(Supplied information begins)

lemma common_eigenvector_exists:
  assumes comm: "\<And>S T x. S \<in> F \<Longrightarrow> T \<in> F \<Longrightarrow> S (T x) = T (S x)"
  shows "subspace V \<Longrightarrow> V \<noteq> {0} \<Longrightarrow> (\<And>S. S \<in> F \<Longrightarrow> self_adjoint_on V S)
    \<Longrightarrow> \<exists>x\<in>common_eigenvectors F V. x \<noteq> 0"
proof (induction "dim V" arbitrary: V rule: less_induct)
  case less
  note V = less.prems(1) and nz = less.prems(2) and sa = less.prems(3)
  show ?case
  proof (cases "\<forall>S\<in>F. \<exists>c. \<forall>x\<in>V. S x = c *\<^sub>R x")
    case True
    obtain v where "v \<in> V" "v \<noteq> 0" using nz subspace_0[OF V] by blast
    then show ?thesis using True unfolding common_eigenvectors_def by blast
  next
    case False
    then obtain S where SF: "S \<in> F" and nonscalar: "\<not> (\<exists>c. \<forall>x\<in>V. S x = c *\<^sub>R x)" by blast
    have Slin: "linear S" using sa[OF SF] unfolding self_adjoint_on_def by simp
    obtain x s where xV: "x \<in> V" and xnz: "x \<noteq> 0" and xs: "S x = s *\<^sub>R x"
      using self_adjoint_eigenvector[OF V nz sa[OF SF]] by blast
    define V1 where "V1 = {v\<in>V. S v = s *\<^sub>R v}"
    have V1: "subspace V1"
      unfolding V1_def subspace_def using subspace_0[OF V] subspace_add[OF V] subspace_scale[OF V]
      by (auto simp: linear_0[OF Slin] linear_add[OF Slin] linear_scale[OF Slin] scaleR_add_right)
    have sub: "V1 \<subseteq> V" and ne: "V1 \<noteq> V" using nonscalar unfolding V1_def by blast+
    have "T ` V1 \<subseteq> V1" if "T \<in> F" for T
      using sa[OF that] comm[OF SF that] unfolding V1_def self_adjoint_on_def
      by (auto simp: linear_scale)
    then have "self_adjoint_on V1 T" if "T \<in> F" for T
      using self_adjoint_on_subset[OF sa sub] that by blast
    moreover have "V1 \<noteq> {0}" using xV xnz xs unfolding V1_def by blast
    ultimately obtain y where "y \<in> common_eigenvectors F V1" "y \<noteq> 0"
      using less.hyps[OF dim_less_if_proper_subspace[OF V1 V sub ne] V1] by blast
    then show ?thesis using sub unfolding common_eigenvectors_def by blast
  qed
qed

lemma subspace_orthogonal_in: "subspace V \<Longrightarrow> subspace {v\<in>V. g x v = 0}"
  unfolding subspace_def by (auto simp: form_simps)

lemma orthogonal_in_invariant:
  assumes "self_adjoint_on V S" "x \<in> V" "S x = c *\<^sub>R x"
  shows "S ` {v\<in>V. g x v = 0} \<subseteq> {v\<in>V. g x v = 0}"
proof (rule image_subsetI)
  fix y assume y: "y \<in> {v\<in>V. g x v = 0}"
  have "g x (S y) = g (S x) y" using assms(1,2) y unfolding self_adjoint_on_def by auto
  also have "\<dots> = 0" using assms(3) y by (simp add: form_simps)
  finally show "S y \<in> {v\<in>V. g x v = 0}" using assms(1) y unfolding self_adjoint_on_def by auto
qed

lemma orthogonal_projection_in:
  assumes "subspace V" "x \<in> V" "x \<noteq> 0" "v \<in> V"
  shows "v - (g x v / g x x) *\<^sub>R x \<in> {v\<in>V. g x v = 0}"
proof -
  have "v - (g x v / g x x) *\<^sub>R x \<in> V" using assms by (simp add: subspace_diff subspace_scale)
  moreover have "g x (v - (g x v / g x x) *\<^sub>R x) = 0" using pos[OF assms(3)] by (simp add: form_simps)
  ultimately show ?thesis by simp
qed

lemma subspace_subset_span_common_eigenvectors:
  assumes comm: "\<And>S T x. S \<in> F \<Longrightarrow> T \<in> F \<Longrightarrow> S (T x) = T (S x)"
  shows "subspace V \<Longrightarrow> (\<And>S. S \<in> F \<Longrightarrow> self_adjoint_on V S)
    \<Longrightarrow> V \<subseteq> span (common_eigenvectors F V)"
proof (induction "dim V" arbitrary: V rule: less_induct)
  case less
  note V = less.prems(1) and sa = less.prems(2)
  show ?case
  proof (cases "V = {0}")
    case True
    then show ?thesis using span_zero by blast
  next
    case False
    obtain x where x: "x \<in> common_eigenvectors F V" and xnz: "x \<noteq> 0"
      using common_eigenvector_exists[of F V] comm V False sa by blast
    have xV: "x \<in> V" using x unfolding common_eigenvectors_def by simp
    define V1 where "V1 = {v\<in>V. g x v = 0}"
    have V1: "subspace V1" unfolding V1_def using V by (rule subspace_orthogonal_in)
    have sub: "V1 \<subseteq> V" unfolding V1_def by auto
    have ne: "V1 \<noteq> V" using xV pos[OF xnz] unfolding V1_def by force
    have "self_adjoint_on V1 T" if T: "T \<in> F" for T
      using x T orthogonal_in_invariant[OF sa[OF T] xV] self_adjoint_on_subset[OF sa[OF T] sub]
      unfolding V1_def common_eigenvectors_def by blast
    then have IH: "V1 \<subseteq> span (common_eigenvectors F V1)"
      using less.hyps[OF dim_less_if_proper_subspace[OF V1 V sub ne] V1] by blast
    have mono: "span (common_eigenvectors F V1) \<subseteq> span (common_eigenvectors F V)"
      by (rule span_mono) (use sub in \<open>auto simp: common_eigenvectors_def\<close>)
    show ?thesis
    proof
      fix v assume "v \<in> V"
      define c where "c = g x v / g x x"
      have "v - c *\<^sub>R x \<in> span (common_eigenvectors F V)"
        using orthogonal_projection_in[OF V xV xnz \<open>v \<in> V\<close>] IH mono unfolding V1_def c_def by blast
      moreover have "c *\<^sub>R x \<in> span (common_eigenvectors F V)"
        using x by (intro span_scale span_base)
      ultimately have "(v - c *\<^sub>R x) + c *\<^sub>R x \<in> span (common_eigenvectors F V)"
        by (rule span_add)
      then show "v \<in> span (common_eigenvectors F V)" by simp
    qed
  qed
qed

end

section \<open>Traces, Lie algebras and the Killing form\<close>

lemma ltrace_compose_expand:
  assumes f: "linear f"
  shows "ltrace (\<lambda>x. f (h x)) = (\<Sum>b\<in>Basis. \<Sum>c\<in>Basis. (h b \<bullet> c) * (f c \<bullet> b))"
proof -
  have "f (h b) = (\<Sum>c\<in>Basis. (h b \<bullet> c) *\<^sub>R f c)" for b
    by (subst euclidean_representation[symmetric, of "h b"])
      (simp add: linear_sum[OF f] linear_scale[OF f])
  then show ?thesis unfolding ltrace_def by (simp add: inner_sum_left)
qed

lemma ltrace_compose_commute:
  assumes "linear f" "linear h"
  shows "ltrace (\<lambda>x. f (h x)) = ltrace (\<lambda>x. h (f x))"
  unfolding ltrace_compose_expand[OF assms(1)] ltrace_compose_expand[OF assms(2)]
  by (subst sum.swap) (simp add: mult.commute)

lemma ltrace_add: "ltrace (\<lambda>x. f x + h x) = ltrace f + ltrace h"
  unfolding ltrace_def by (simp add: inner_add_left sum.distrib)

lemma ltrace_diff: "ltrace (\<lambda>x. f x - h x) = ltrace f - ltrace h"
  unfolding ltrace_def by (simp add: inner_diff_left sum_subtractf)

lemma ltrace_scale: "ltrace (\<lambda>x. c *\<^sub>R f x) = c * ltrace f"
  unfolding ltrace_def by (simp add: sum_distrib_left)

locale lie =
  fixes br :: "'a::euclidean_space \<Rightarrow> 'a \<Rightarrow> 'a"
  assumes lie_algebra: "lie_algebra br"
begin

lemma bilinear_bracket: "bilinear br"
  using lie_algebra unfolding lie_algebra_def by simp

lemma linear_ad: "linear (br X)"
  using bilinear_bracket unfolding bilinear_def by simp

lemma linear_bracket_left: "linear (\<lambda>X. br X Y)"
  using bilinear_bracket unfolding bilinear_def by simp

lemmas bracket_simps = bilinear_ladd[OF bilinear_bracket] bilinear_radd[OF bilinear_bracket]
  bilinear_lsub[OF bilinear_bracket] bilinear_rsub[OF bilinear_bracket]
  bilinear_lmul[OF bilinear_bracket] bilinear_rmul[OF bilinear_bracket]
  bilinear_lneg[OF bilinear_bracket] bilinear_rneg[OF bilinear_bracket]
  bilinear_lzero[OF bilinear_bracket] bilinear_rzero[OF bilinear_bracket]

lemma bracket_self: "br x x = 0"
  using lie_algebra unfolding lie_algebra_def by simp

lemma bracket_antisym: "br x y = - br y x"
proof -
  have "0 = br (x + y) (x + y)" by (simp only: bracket_self)
  also have "\<dots> = br x y + br y x" by (simp add: bracket_simps) (simp add: bracket_self)
  finally have "br x y + br y x = 0" by (rule sym)
  then show ?thesis by (simp add: eq_neg_iff_add_eq_0)
qed

lemma ad_bracket: "br X (br Y Z) = br (br X Y) Z + br Y (br X Z)"
proof -
  have "br X (br Y Z) + br Y (br Z X) + br Z (br X Y) = 0"
    using lie_algebra unfolding lie_algebra_def by simp
  then show ?thesis
    using bracket_antisym[of Z X] bracket_antisym[of Z "br X Y"] by (simp add: bracket_simps algebra_simps)
qed

lemma ad_commute: "br X Y = 0 \<Longrightarrow> br X (br Y Z) = br Y (br X Z)"
  using ad_bracket[of X Y Z] by (simp add: bracket_simps)

lemma ad_sq_bracket:
  "br Y (br Y (br u v)) = br (br Y (br Y u)) v + 2 *\<^sub>R br (br Y u) (br Y v) + br u (br Y (br Y v))"
proof -
  have "br Y (br Y (br u v))
      = br (br Y (br Y u)) v + br (br Y u) (br Y v) + (br (br Y u) (br Y v) + br u (br Y (br Y v)))"
    by (simp only: ad_bracket[of Y u v] bracket_simps ad_bracket[of Y "br Y u" v] ad_bracket[of Y u "br Y v"])
  then show ?thesis by (simp add: scaleR_2)
qed

text \<open>On the span of \<open>w\<close> and \<open>d = [ad(Y) x, ad(Y) y]\<close> the operator \<open>ad(Y)\<^sup>2\<close> acts by
  \<open>w \<mapsto> -(p + q) w + 2 d\<close>, \<open>d \<mapsto> 2 p q w - (p + q) d\<close>; the polynomial is the characteristic
  polynomial of this matrix.\<close>
lemma ad_sq_bracket_of_eigenvectors:
  assumes x: "br Y (br Y x) = (- p) *\<^sub>R x" and y: "br Y (br Y y) = (- q) *\<^sub>R y"
  defines "w \<equiv> br x y"
  shows "br Y (br Y (br Y (br Y w))) + (2 * (p + q)) *\<^sub>R br Y (br Y w) + ((p - q) * (p - q)) *\<^sub>R w = 0"
proof -
  define d where "d = br (br Y x) (br Y y)"
  have x3: "br Y (br Y (br Y x)) = (- p) *\<^sub>R br Y x" using x by (simp add: bracket_simps)
  have y3: "br Y (br Y (br Y y)) = (- q) *\<^sub>R br Y y" using y by (simp add: bracket_simps)
  have w2: "br Y (br Y w) = (- (p + q)) *\<^sub>R w + 2 *\<^sub>R d"
    unfolding w_def d_def ad_sq_bracket[of Y x y] x y by (simp add: bracket_simps algebra_simps)
  have d2: "br Y (br Y d) = (- (p + q)) *\<^sub>R d + (2 * p * q) *\<^sub>R w"
    unfolding w_def d_def ad_sq_bracket[of Y "br Y x"] x y x3 y3
    by (simp add: bracket_simps algebra_simps)
  have w4: "br Y (br Y (br Y (br Y w)))
      = (- (p + q)) *\<^sub>R ((- (p + q)) *\<^sub>R w + 2 *\<^sub>R d) + 2 *\<^sub>R ((- (p + q)) *\<^sub>R d + (2 * p * q) *\<^sub>R w)"
    by (simp only: w2 d2 bracket_simps)
  show ?thesis unfolding w4 unfolding w2 by (simp add: algebra_simps flip: scaleR_add_left)
qed

lemma bracket_in_span_brackets:
  assumes "a \<in> span A" "b \<in> span B"
  shows "br a b \<in> span {br x y |x y. x \<in> A \<and> y \<in> B}"
proof -
  let ?Q = "{br x y |x y. x \<in> A \<and> y \<in> B}"
  have "br x ` span B \<subseteq> span ?Q" if "x \<in> A" for x
    using that by (intro linear_image_span_subset[OF linear_ad]) (auto intro: span_base)
  then have "(\<lambda>X. br X b) ` span A \<subseteq> span ?Q"
    using assms(2) by (intro linear_image_span_subset[OF linear_bracket_left]) blast
  then show ?thesis using assms(1) by blast
qed

lemma killing_commute: "killing br X Y = killing br Y X"
  unfolding killing_def by (rule ltrace_compose_commute[OF linear_ad linear_ad])

lemma killing_ad_skew: "killing br (br Z X) W = - killing br X (br Z W)"
proof -
  have "linear (\<lambda>V. br X (br W V))"
    using linear_compose[OF linear_ad linear_ad] by (simp add: o_def)
  then have "ltrace (\<lambda>V. br Z (br X (br W V))) = ltrace (\<lambda>V. br X (br W (br Z V)))"
    by (rule ltrace_compose_commute[OF linear_ad])
  moreover have "br (br Z X) V = br Z (br X V) - br X (br Z V)" for V
    using ad_bracket[of Z X V] by simp
  moreover have "br X (br (br Z W) V) = br X (br Z (br W V)) - br X (br W (br Z V))" for V
    using ad_bracket[of Z W V] by (simp add: bracket_simps)
  ultimately show ?thesis unfolding killing_def by (simp add: ltrace_diff)
qed

lemma bilinear_killing: "bilinear (killing br)"
  unfolding bilinear_def
  by (auto intro!: linearI simp: killing_def bracket_simps ltrace_add ltrace_scale)

lemmas killing_simps = bilinear_ladd[OF bilinear_killing] bilinear_radd[OF bilinear_killing]
  bilinear_lmul[OF bilinear_killing, simplified] bilinear_rmul[OF bilinear_killing, simplified]

end

section \<open>Cartan involutions\<close>

locale cartan = lie br for br :: "'a::euclidean_space \<Rightarrow> 'a \<Rightarrow> 'a" +
  fixes \<theta> :: "'a \<Rightarrow> 'a"
  assumes cartan_involution: "cartan_involution br \<theta>"
begin

lemma linear_theta: "linear \<theta>"
  using cartan_involution
  unfolding cartan_involution_def lie_involution_def lie_automorphism_def by simp

lemma theta_bracket: "\<theta> (br X Y) = br (\<theta> X) (\<theta> Y)"
  using cartan_involution
  unfolding cartan_involution_def lie_involution_def lie_automorphism_def by simp

lemma theta_theta [simp]: "\<theta> (\<theta> X) = X"
  using cartan_involution unfolding cartan_involution_def lie_involution_def by simp

lemmas theta_simps = linear_add[OF linear_theta] linear_diff[OF linear_theta]
  linear_scale[OF linear_theta] linear_0[OF linear_theta] linear_neg[OF linear_theta]

lemma killing_theta_theta: "killing br (\<theta> X) (\<theta> Y) = killing br X Y"
proof -
  have "linear (\<lambda>U. br X (br Y (\<theta> U)))"
    using linear_compose[OF linear_theta linear_compose[OF linear_ad linear_ad]] by (simp add: o_def)
  then have "ltrace (\<lambda>U. \<theta> (br X (br Y (\<theta> U)))) = ltrace (\<lambda>U. br X (br Y (\<theta> (\<theta> U))))"
    by (rule ltrace_compose_commute[OF linear_theta])
  then show ?thesis unfolding killing_def by (simp add: theta_bracket)
qed

definition B\<theta> :: "'a \<Rightarrow> 'a \<Rightarrow> real" where
  "B\<theta> X Y = - killing br X (\<theta> Y)"

sublocale B\<theta>: pos_def_form B\<theta>
proof
  show "bilinear B\<theta>"
    unfolding bilinear_def B\<theta>_def by (auto intro!: linearI simp: killing_simps theta_simps)
  show "B\<theta> x y = B\<theta> y x" for x y
    using killing_theta_theta[of y "\<theta> x"] killing_commute unfolding B\<theta>_def by simp
  show "x \<noteq> 0 \<Longrightarrow> B\<theta> x x > 0" for x
    using cartan_involution unfolding cartan_involution_def B\<theta>_def by simp
qed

(Supplied information ends)

» The problem: Among the records above, repeat exactly the line with "unfolding ltrace_def by (simp add: sum_distrib_left)", the line with "bilinear_lmul[OF bilinear_bracket] bilinear_rmul[OF", and every line in between, and only those.

» Task answer:
  unfolding ltrace_def by (simp add: sum_distrib_left)

locale lie =
  fixes br :: "'a::euclidean_space \<Rightarrow> 'a \<Rightarrow> 'a"
  assumes lie_algebra: "lie_algebra br"
begin

lemma bilinear_bracket: "bilinear br"
  using lie_algebra unfolding lie_algebra_def by simp

lemma linear_ad: "linear (br X)"
  using bilinear_bracket unfolding bilinear_def by simp

lemma linear_bracket_left: "linear (\<lambda>X. br X Y)"
  using bilinear_bracket unfolding bilinear_def by simp

lemmas bracket_simps = bilinear_ladd[OF bilinear_bracket] bilinear_radd[OF bilinear_bracket]
  bilinear_lsub[OF bilinear_bracket] bilinear_rsub[OF bilinear_bracket]
  bilinear_lmul[OF bilinear_bracket] bilinear_rmul[OF bilinear_bracket]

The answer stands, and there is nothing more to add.